◆ **Task item**: Answer with the exact lines of the following material from the one containing "sets (restrict_space borel" through the one containing "(\<forall>f \<in> L2", both end lines included.

◆ **Exercise material**:
# # #

(* Let $\mu$ be a measure on $[0,1]$, let $\Phi=\{\phi_j\}_{j=1}^\infty$ be an orthonormal basis of $L^2([0,1],\mu)$, and let $A>0$, $k>1/2$, $C>0$ be constants. Then, as $\epsilon\to0$, $$M_2(\epsilon,\Theta_k(\Phi,A,C))\asymp \epsilon^{-2/(2k-1)}.$$
   Context: Every $f\in L^2([0,1],\mu)$ has a unique expansion $f=\sum_{j\ge1}\theta_j\phi_j$ with $\sum_j\theta_j^2<\infty$. The approximate sparsity class $\Theta_k(\Phi,A,C)$ is the set of $f=\sum_j\theta_j\phi_j\in L^2([0,1],\mu)$ such that (a) the non-increasing rearrangement $\{\theta_{(j)}\}_{j\ge1}$ of the coefficients by absolute value ($\theta_{(j)}$ is the $j$-th largest in absolute value) satisfies $|\theta_{(j)}|\le Aj^{-k}$ for all $j\ge1$, and (b) for all $J\ge1$, $\sum_{j=J+1}^\infty\theta_j^2\le CJ^{-2k+1}$. For $\mathcal{F}\subseteq L^2([0,1],\mu)$, $M_2(\epsilon,\mathcal{F}):=\log N(\epsilon,\mathcal{F})$, where $N(\epsilon,\mathcal{F})$ is the cardinality of the largest $\epsilon$-packing set of $\mathcal{F}$ in the $L^2([0,1],\mu)$ distance. $a(\epsilon)\asymp b(\epsilon)$ means there are constants $0<c_1\le c_2<\infty$ with $c_1b(\epsilon)\le a(\epsilon)\le c_2 b(\epsilon)$ for all sufficiently small $\epsilon$. *)

theory Defs
  imports "HOL-Analysis.Analysis" "HOL-Library.Extended_Nat"
begin

definition measure_on_unit_interval :: "real measure \<Rightarrow> bool" where
  "measure_on_unit_interval M \<longleftrightarrow>
     space M = {0..1} \<and> sets M = sets (restrict_space borel {0..1})"

text \<open>Square-integrable (real-valued) functions, i.e. representatives of L^2(M).\<close>
definition L2 :: "real measure \<Rightarrow> (real \<Rightarrow> real) set" where
  "L2 M = {f. f \<in> borel_measurable M \<and> integrable M (\<lambda>x. (f x)\<^sup>2)}"

definition L2_inner :: "real measure \<Rightarrow> (real \<Rightarrow> real) \<Rightarrow> (real \<Rightarrow> real) \<Rightarrow> real" where
  "L2_inner M f g = (\<integral>x. f x * g x \<partial>M)"

definition L2_dist :: "real measure \<Rightarrow> (real \<Rightarrow> real) \<Rightarrow> (real \<Rightarrow> real) \<Rightarrow> real" where
  "L2_dist M f g = sqrt (\<integral>x. (f x - g x)\<^sup>2 \<partial>M)"

definition orthonormal_basis_L2 :: "real measure \<Rightarrow> (nat \<Rightarrow> real \<Rightarrow> real) \<Rightarrow> bool" where
  "orthonormal_basis_L2 M \<phi> \<longleftrightarrow>
     (\<forall>j\<ge>1. \<phi> j \<in> L2 M) \<and>
     (\<forall>i\<ge>1. \<forall>j\<ge>1. L2_inner M (\<phi> i) (\<phi> j) = (if i = j then 1 else 0)) \<and>
     (\<forall>f \<in> L2 M. (\<lambda>n. (\<integral>x. (f x - (\<Sum>j=1..n. L2_inner M f (\<phi> j) * \<phi> j x))\<^sup>2 \<partial>M))
                     \<longlonglongrightarrow> 0)"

# # #

◆ **Solution for this task**:
     space M = {0..1} \<and> sets M = sets (restrict_space borel {0..1})"

text \<open>Square-integrable (real-valued) functions, i.e. representatives of L^2(M).\<close>
definition L2 :: "real measure \<Rightarrow> (real \<Rightarrow> real) set" where
  "L2 M = {f. f \<in> borel_measurable M \<and> integrable M (\<lambda>x. (f x)\<^sup>2)}"

definition L2_inner :: "real measure \<Rightarrow> (real \<Rightarrow> real) \<Rightarrow> (real \<Rightarrow> real) \<Rightarrow> real" where
  "L2_inner M f g = (\<integral>x. f x * g x \<partial>M)"

definition L2_dist :: "real measure \<Rightarrow> (real \<Rightarrow> real) \<Rightarrow> (real \<Rightarrow> real) \<Rightarrow> real" where
  "L2_dist M f g = sqrt (\<integral>x. (f x - g x)\<^sup>2 \<partial>M)"

definition orthonormal_basis_L2 :: "real measure \<Rightarrow> (nat \<Rightarrow> real \<Rightarrow> real) \<Rightarrow> bool" where
  "orthonormal_basis_L2 M \<phi> \<longleftrightarrow>
     (\<forall>j\<ge>1. \<phi> j \<in> L2 M) \<and>
     (\<forall>i\<ge>1. \<forall>j\<ge>1. L2_inner M (\<phi> i) (\<phi> j) = (if i = j then 1 else 0)) \<and>
     (\<forall>f \<in> L2 M. (\<lambda>n. (\<integral>x. (f x - (\<Sum>j=1..n. L2_inner M f (\<phi> j) * \<phi> j x))\<^sup>2 \<partial>M))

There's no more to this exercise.